What the task requires: Every entry must be given again exactly as it is written.

Material provided:
lemma maximal_op_level_set:
  assumes t: "0 < t"
  shows "{x\<in>space M. ennreal t < maximal_op M T \<phi> x} = \<Union> {I\<in>T. t * measure M I < (LINT x:I|M. \<phi> x)}"
proof -
  have heavy: "ennreal t < (\<integral>\<^sup>+y\<in>I. ennreal \<bar>\<phi> y\<bar> \<partial>M) / emeasure M I
      \<longleftrightarrow> t * measure M I < (LINT x:I|M. \<phi> x)" if I: "I \<in> T" for I
    using t tree_node_pos[OF tree I] unfolding tree_node_average[OF I]
    by (simp add: ennreal_less_iff pos_less_divide_eq)
  show ?thesis
  proof (intro set_eqI iffI)
    fix x assume "x \<in> {x\<in>space M. ennreal t < maximal_op M T \<phi> x}"
    then obtain I where "I \<in> T" "x \<in> I"
      "ennreal t < (\<integral>\<^sup>+y\<in>I. ennreal \<bar>\<phi> y\<bar> \<partial>M) / emeasure M I"
      unfolding maximal_op_def by (auto simp: less_SUP_iff)
    with heavy show "x \<in> \<Union> {I\<in>T. t * measure M I < (LINT x:I|M. \<phi> x)}" by blast
  next
    fix x assume "x \<in> \<Union> {I\<in>T. t * measure M I < (LINT x:I|M. \<phi> x)}"
    then obtain I where I: "I \<in> T" "x \<in> I" "t * measure M I < (LINT x:I|M. \<phi> x)" by blast
    then have "ennreal t < maximal_op M T \<phi> x"
      unfolding maximal_op_def using heavy[OF I(1)] by (auto simp: less_SUP_iff)
    moreover have "x \<in> space M"
      using sets.sets_into_space[OF tree_node_sets[OF tree I(1)]] I(2) by blast
    ultimately show "x \<in> {x\<in>space M. ennreal t < maximal_op M T \<phi> x}" by blast
  qed
qed

lemma maximal_op_level_set_stopping:
  assumes t: "0 < t"
  defines "S \<equiv> {I\<in>T. t * measure M I < (LINT x:I|M. \<phi> x)}"
  shows "{x\<in>space M. ennreal t < maximal_op M T \<phi> x} = (\<Union>n. stopping_union S C (space M) n)"
  unfolding maximal_op_level_set[OF t] S_def[symmetric]
  by (rule stopping_unions_exhaust[OF tree]) (auto simp: S_def)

Solution below:
lemma maximal_op_level_set:
  assumes t: "0 < t"
  shows "{x\<in>space M. ennreal t < maximal_op M T \<phi> x} = \<Union> {I\<in>T. t * measure M I < (LINT x:I|M. \<phi> x)}"
proof -
  have heavy: "ennreal t < (\<integral>\<^sup>+y\<in>I. ennreal \<bar>\<phi> y\<bar> \<partial>M) / emeasure M I
      \<longleftrightarrow> t * measure M I < (LINT x:I|M. \<phi> x)" if I: "I \<in> T" for I
    using t tree_node_pos[OF tree I] unfolding tree_node_average[OF I]
    by (simp add: ennreal_less_iff pos_less_divide_eq)
  show ?thesis
  proof (intro set_eqI iffI)
    fix x assume "x \<in> {x\<in>space M. ennreal t < maximal_op M T \<phi> x}"
    then obtain I where "I \<in> T" "x \<in> I"
      "ennreal t < (\<integral>\<^sup>+y\<in>I. ennreal \<bar>\<phi> y\<bar> \<partial>M) / emeasure M I"
      unfolding maximal_op_def by (auto simp: less_SUP_iff)
    with heavy show "x \<in> \<Union> {I\<in>T. t * measure M I < (LINT x:I|M. \<phi> x)}" by blast
  next
    fix x assume "x \<in> \<Union> {I\<in>T. t * measure M I < (LINT x:I|M. \<phi> x)}"
    then obtain I where I: "I \<in> T" "x \<in> I" "t * measure M I < (LINT x:I|M. \<phi> x)" by blast
    then have "ennreal t < maximal_op M T \<phi> x"
      unfolding maximal_op_def using heavy[OF I(1)] by (auto simp: less_SUP_iff)
    moreover have "x \<in> space M"
      using sets.sets_into_space[OF tree_node_sets[OF tree I(1)]] I(2) by blast
    ultimately show "x \<in> {x\<in>space M. ennreal t < maximal_op M T \<phi> x}" by blast
  qed
qed

lemma maximal_op_level_set_stopping:
  assumes t: "0 < t"
  defines "S \<equiv> {I\<in>T. t * measure M I < (LINT x:I|M. \<phi> x)}"
  shows "{x\<in>space M. ennreal t < maximal_op M T \<phi> x} = (\<Union>n. stopping_union S C (space M) n)"
  unfolding maximal_op_level_set[OF t] S_def[symmetric]
  by (rule stopping_unions_exhaust[OF tree]) (auto simp: S_def)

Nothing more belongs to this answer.